==== MATERIALS PROVIDED

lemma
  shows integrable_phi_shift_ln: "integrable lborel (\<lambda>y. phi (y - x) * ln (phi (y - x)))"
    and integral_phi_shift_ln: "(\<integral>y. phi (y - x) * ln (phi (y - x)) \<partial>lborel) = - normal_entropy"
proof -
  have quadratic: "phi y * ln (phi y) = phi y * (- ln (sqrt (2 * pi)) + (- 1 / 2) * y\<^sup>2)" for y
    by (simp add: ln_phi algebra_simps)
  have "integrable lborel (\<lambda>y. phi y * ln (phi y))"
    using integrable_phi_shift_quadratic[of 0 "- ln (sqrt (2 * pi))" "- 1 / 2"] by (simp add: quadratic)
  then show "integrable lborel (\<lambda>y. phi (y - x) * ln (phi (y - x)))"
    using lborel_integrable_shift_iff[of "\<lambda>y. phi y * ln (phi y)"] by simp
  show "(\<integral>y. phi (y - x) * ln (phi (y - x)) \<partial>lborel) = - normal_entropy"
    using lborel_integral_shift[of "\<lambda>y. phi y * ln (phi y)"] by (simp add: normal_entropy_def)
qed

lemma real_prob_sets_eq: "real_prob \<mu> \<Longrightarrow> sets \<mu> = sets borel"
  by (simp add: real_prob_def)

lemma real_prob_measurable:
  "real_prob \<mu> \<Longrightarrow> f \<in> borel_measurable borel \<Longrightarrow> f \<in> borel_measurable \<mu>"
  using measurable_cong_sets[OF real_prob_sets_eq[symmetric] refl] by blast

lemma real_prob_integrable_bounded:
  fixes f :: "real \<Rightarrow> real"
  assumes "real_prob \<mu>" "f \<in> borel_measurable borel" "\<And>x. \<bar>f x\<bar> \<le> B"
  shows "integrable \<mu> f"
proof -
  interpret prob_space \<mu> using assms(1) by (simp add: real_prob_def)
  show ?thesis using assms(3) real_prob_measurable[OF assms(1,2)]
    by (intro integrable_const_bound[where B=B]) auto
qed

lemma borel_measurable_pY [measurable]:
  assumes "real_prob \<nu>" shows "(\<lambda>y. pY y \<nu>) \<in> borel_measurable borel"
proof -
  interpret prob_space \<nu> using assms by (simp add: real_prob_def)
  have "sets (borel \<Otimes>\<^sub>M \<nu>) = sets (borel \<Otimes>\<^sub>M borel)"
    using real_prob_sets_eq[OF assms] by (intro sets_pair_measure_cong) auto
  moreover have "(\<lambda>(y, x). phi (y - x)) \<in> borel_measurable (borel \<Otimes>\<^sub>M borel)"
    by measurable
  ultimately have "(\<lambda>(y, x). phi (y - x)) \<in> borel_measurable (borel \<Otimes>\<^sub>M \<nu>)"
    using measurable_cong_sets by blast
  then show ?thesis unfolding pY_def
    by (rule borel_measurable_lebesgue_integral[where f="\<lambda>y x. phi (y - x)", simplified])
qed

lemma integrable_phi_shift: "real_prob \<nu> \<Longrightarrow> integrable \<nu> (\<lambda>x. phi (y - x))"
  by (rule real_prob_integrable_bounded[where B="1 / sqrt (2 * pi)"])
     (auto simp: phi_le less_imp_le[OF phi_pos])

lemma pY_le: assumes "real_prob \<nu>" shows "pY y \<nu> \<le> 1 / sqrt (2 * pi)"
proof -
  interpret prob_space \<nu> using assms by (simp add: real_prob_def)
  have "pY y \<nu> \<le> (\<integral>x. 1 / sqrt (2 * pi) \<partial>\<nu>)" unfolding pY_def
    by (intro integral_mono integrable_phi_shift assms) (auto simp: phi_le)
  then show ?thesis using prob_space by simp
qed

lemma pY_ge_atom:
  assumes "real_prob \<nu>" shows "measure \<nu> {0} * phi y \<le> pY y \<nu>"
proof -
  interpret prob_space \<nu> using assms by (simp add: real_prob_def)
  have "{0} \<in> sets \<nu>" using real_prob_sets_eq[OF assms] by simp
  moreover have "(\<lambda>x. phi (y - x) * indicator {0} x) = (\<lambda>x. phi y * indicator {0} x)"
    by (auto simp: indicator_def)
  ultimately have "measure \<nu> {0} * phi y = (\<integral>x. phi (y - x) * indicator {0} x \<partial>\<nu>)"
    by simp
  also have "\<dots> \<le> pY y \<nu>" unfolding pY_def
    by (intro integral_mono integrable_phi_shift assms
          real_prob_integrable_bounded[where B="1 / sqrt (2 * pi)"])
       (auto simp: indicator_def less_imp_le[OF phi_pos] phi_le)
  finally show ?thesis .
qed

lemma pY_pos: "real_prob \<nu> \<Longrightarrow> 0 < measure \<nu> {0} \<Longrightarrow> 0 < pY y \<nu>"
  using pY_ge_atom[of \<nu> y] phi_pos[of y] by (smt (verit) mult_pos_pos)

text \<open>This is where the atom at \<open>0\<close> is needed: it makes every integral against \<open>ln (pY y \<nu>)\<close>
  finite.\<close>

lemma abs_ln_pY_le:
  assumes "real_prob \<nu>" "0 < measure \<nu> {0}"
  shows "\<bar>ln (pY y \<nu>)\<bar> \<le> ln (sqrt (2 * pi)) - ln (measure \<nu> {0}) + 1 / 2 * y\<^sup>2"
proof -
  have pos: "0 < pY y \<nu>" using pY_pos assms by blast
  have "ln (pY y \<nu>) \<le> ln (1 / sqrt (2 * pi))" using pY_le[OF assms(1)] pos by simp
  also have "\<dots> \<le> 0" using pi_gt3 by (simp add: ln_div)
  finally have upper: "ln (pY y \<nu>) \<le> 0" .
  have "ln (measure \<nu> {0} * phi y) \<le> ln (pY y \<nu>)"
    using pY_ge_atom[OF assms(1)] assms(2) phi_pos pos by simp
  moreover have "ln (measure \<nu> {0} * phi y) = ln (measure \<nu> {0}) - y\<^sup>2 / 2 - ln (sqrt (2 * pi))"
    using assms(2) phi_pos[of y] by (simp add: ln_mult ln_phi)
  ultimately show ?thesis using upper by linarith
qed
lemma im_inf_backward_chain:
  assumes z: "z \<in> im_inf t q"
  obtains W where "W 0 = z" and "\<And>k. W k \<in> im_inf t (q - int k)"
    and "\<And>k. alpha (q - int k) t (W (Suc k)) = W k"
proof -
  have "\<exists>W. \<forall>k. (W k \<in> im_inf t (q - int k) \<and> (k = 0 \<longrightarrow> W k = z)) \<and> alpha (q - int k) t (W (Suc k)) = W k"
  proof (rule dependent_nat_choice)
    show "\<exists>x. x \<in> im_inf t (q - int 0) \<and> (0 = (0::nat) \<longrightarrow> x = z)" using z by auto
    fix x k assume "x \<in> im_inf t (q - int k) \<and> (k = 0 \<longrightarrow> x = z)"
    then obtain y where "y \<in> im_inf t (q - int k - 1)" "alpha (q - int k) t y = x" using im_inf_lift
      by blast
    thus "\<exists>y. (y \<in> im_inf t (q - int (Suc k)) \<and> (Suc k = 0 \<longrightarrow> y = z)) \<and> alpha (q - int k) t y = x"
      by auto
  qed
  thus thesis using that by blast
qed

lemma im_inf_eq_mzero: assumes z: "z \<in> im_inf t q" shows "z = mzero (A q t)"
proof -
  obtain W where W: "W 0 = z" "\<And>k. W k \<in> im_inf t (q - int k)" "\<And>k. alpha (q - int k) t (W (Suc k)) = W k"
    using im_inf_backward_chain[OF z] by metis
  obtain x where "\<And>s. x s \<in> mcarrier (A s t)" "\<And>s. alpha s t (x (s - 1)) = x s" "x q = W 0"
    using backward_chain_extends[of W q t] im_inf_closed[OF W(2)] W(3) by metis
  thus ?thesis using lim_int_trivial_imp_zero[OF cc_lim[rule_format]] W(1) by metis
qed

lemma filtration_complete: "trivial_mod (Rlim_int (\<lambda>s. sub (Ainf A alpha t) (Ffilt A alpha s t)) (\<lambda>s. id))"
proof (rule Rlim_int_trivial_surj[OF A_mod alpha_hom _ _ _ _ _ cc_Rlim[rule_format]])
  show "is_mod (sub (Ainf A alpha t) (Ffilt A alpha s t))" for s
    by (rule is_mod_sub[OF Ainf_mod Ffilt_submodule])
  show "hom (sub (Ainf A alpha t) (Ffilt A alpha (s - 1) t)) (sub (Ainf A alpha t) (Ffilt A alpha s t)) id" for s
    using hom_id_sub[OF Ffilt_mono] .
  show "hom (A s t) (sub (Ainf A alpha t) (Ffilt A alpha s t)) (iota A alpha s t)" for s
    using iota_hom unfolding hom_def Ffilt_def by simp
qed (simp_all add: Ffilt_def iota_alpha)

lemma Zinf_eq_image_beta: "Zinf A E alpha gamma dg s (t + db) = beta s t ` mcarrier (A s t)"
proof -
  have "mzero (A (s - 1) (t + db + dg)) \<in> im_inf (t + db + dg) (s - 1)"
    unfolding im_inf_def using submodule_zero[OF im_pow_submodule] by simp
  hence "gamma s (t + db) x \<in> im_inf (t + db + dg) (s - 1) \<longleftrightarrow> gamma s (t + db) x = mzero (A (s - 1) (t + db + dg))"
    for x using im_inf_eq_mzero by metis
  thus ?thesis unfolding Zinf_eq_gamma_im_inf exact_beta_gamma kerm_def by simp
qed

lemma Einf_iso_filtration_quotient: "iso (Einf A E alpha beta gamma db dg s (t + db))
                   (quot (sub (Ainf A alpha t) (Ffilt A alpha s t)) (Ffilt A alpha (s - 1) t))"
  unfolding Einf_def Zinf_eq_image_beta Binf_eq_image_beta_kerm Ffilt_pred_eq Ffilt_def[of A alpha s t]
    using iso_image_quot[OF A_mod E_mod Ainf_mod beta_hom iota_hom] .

========

WHAT NEEDS TO BE DONE —
Reply with an exact copy of the lines running from the one containing "unfolding Einf_def Zinf_eq_image_beta" through the end of the entries above, both ends included.

ANSWER SECTION —
  unfolding Einf_def Zinf_eq_image_beta Binf_eq_image_beta_kerm Ffilt_pred_eq Ffilt_def[of A alpha s t]
    using iso_image_quot[OF A_mod E_mod Ainf_mod beta_hom iota_hom] .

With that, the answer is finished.